Task for the records below: count the lines that contain the word "flip" and give only that number.
Working data below:
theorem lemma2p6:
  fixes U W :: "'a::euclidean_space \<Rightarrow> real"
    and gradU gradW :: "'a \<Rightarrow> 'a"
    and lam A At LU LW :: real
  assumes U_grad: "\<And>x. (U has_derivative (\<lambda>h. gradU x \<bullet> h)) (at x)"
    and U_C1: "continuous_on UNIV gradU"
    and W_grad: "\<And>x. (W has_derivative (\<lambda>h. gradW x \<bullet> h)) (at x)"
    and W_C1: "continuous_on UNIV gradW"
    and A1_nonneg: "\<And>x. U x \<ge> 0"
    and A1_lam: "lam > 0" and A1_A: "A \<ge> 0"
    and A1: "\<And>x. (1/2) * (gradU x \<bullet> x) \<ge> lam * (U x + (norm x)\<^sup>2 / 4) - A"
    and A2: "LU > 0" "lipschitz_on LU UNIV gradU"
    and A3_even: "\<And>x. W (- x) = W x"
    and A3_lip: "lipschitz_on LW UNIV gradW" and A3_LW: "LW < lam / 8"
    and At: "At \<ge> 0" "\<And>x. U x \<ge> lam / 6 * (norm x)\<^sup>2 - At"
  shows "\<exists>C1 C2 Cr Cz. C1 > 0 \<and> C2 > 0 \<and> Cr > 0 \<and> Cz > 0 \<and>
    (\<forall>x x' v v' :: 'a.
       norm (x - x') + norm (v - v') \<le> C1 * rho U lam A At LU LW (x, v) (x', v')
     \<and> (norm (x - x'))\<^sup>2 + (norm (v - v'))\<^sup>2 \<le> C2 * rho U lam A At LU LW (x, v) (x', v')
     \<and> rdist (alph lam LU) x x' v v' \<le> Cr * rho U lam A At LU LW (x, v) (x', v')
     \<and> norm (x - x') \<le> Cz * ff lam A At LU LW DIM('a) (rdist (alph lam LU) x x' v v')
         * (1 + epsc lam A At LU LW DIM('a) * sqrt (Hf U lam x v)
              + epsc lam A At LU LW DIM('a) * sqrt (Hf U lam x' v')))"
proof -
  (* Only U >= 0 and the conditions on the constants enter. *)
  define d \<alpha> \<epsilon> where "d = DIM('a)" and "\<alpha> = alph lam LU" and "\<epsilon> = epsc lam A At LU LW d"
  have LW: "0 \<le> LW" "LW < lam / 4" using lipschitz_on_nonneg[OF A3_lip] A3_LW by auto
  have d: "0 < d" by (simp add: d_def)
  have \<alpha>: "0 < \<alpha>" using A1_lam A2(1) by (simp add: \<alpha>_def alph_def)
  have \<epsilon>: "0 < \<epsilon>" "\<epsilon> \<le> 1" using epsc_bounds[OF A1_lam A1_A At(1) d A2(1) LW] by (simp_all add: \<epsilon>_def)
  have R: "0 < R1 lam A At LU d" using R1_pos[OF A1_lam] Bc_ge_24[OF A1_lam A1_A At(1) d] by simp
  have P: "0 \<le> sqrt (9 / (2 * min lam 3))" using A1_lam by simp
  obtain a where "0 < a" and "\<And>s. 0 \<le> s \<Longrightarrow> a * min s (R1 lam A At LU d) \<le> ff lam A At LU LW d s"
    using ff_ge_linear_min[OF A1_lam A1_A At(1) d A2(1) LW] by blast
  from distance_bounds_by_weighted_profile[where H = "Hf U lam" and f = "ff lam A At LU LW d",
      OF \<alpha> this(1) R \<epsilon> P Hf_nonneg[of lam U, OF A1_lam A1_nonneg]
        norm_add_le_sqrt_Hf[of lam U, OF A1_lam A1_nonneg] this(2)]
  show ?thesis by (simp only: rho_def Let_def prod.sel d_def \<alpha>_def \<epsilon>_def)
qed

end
End of Working data.
Working data below:
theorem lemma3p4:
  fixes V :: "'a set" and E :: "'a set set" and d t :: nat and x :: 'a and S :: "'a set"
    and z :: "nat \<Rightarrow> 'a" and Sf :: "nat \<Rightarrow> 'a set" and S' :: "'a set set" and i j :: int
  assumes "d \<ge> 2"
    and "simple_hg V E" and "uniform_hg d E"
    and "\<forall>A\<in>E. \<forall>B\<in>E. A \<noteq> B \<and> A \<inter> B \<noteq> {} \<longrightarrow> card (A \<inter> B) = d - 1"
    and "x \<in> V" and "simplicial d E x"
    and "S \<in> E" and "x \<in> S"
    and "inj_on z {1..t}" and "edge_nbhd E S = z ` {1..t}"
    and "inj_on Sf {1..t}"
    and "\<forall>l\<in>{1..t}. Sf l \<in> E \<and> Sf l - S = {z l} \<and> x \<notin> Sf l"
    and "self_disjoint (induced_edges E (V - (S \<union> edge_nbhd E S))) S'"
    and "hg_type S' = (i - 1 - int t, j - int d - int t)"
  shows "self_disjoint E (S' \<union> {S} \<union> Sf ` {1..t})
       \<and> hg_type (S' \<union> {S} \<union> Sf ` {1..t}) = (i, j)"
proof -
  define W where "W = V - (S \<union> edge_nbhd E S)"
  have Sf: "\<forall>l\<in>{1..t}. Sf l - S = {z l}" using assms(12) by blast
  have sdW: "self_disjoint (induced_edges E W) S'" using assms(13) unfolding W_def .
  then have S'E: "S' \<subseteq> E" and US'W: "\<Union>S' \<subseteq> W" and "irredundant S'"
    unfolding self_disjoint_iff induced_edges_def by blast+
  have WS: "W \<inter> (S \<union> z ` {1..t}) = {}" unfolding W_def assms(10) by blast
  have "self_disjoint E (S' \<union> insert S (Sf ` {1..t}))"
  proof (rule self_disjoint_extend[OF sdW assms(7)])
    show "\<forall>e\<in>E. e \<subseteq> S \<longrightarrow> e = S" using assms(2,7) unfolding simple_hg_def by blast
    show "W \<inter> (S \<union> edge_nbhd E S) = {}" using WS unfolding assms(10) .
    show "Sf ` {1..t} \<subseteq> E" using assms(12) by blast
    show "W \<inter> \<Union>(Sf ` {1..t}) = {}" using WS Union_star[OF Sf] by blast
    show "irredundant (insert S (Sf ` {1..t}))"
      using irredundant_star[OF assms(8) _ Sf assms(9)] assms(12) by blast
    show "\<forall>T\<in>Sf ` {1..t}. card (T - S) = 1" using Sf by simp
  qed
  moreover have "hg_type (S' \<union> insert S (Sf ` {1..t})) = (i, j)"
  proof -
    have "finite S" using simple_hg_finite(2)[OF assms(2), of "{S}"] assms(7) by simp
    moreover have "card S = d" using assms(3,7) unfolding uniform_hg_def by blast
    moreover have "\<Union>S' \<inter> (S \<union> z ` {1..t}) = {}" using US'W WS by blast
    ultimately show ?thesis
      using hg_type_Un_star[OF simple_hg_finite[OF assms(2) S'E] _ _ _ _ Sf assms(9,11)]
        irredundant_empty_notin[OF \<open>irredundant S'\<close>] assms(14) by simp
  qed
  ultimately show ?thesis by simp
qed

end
End of Working data.
Working data below:
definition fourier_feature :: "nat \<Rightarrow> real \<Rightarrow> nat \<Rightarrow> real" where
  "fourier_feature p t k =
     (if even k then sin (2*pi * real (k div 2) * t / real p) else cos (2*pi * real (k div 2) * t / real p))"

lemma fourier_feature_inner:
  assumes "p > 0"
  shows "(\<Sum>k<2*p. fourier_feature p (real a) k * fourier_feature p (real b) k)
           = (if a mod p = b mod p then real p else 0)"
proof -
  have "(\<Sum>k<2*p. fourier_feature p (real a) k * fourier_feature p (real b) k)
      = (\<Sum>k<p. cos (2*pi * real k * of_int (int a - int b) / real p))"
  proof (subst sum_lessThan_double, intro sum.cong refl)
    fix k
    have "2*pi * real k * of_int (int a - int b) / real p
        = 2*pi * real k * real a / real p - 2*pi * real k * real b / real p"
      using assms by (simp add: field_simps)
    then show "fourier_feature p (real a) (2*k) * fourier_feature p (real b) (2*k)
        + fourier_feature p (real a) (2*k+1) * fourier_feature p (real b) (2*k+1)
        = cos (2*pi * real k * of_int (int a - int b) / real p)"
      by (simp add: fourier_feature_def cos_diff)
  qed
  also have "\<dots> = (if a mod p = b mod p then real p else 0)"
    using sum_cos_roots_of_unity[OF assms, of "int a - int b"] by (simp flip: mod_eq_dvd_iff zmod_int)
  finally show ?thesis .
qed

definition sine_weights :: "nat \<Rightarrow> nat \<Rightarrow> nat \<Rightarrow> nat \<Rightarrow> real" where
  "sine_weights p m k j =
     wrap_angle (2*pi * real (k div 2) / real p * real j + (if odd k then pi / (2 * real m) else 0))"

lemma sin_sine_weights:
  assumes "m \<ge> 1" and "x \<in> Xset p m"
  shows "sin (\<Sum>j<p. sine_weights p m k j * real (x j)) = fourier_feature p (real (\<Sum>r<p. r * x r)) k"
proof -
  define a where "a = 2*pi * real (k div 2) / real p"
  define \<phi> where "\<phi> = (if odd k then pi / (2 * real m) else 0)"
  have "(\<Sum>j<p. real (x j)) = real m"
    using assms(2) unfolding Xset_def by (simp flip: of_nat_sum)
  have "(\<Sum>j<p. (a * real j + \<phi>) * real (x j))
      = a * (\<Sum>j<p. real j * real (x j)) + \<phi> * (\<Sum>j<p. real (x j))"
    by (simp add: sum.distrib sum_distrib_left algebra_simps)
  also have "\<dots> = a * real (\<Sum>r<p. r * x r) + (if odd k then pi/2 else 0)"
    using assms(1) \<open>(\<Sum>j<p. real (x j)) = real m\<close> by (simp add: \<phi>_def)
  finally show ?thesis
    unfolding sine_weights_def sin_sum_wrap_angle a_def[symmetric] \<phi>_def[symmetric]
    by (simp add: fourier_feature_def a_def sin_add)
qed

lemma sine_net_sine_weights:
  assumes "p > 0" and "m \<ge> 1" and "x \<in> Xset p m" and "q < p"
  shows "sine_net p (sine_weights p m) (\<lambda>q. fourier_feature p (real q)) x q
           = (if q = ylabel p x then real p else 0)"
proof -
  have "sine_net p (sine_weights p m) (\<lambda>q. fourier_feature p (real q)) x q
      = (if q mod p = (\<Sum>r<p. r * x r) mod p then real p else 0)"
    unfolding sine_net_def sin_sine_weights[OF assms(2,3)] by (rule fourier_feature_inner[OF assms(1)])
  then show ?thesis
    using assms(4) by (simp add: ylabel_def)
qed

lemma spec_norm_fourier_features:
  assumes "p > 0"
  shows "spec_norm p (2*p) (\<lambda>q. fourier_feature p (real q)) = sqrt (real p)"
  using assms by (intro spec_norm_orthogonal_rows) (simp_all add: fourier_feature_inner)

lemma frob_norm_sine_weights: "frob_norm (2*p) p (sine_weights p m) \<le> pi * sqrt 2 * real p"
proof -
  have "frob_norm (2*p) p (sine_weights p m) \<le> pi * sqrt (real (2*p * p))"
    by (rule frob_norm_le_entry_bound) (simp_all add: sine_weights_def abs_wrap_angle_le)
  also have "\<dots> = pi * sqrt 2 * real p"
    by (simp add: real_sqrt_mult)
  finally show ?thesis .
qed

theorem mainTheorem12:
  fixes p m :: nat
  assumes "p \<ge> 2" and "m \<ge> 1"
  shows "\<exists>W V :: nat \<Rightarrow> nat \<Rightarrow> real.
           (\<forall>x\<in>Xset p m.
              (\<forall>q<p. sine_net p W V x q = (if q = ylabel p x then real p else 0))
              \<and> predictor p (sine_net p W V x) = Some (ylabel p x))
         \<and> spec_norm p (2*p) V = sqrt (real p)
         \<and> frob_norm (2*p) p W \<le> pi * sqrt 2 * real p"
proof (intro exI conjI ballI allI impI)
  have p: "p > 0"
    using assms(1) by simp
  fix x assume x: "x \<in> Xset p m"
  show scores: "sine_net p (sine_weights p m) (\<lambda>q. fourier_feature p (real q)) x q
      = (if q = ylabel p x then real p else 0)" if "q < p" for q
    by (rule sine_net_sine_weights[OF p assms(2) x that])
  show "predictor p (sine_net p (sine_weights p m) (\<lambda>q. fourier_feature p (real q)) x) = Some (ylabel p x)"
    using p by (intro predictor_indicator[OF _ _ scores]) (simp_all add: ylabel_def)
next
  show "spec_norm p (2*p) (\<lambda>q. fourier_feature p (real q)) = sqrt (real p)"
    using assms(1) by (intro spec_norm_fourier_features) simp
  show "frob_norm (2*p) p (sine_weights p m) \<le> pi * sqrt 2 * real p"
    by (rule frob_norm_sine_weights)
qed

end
End of Working data.
### Answer box
2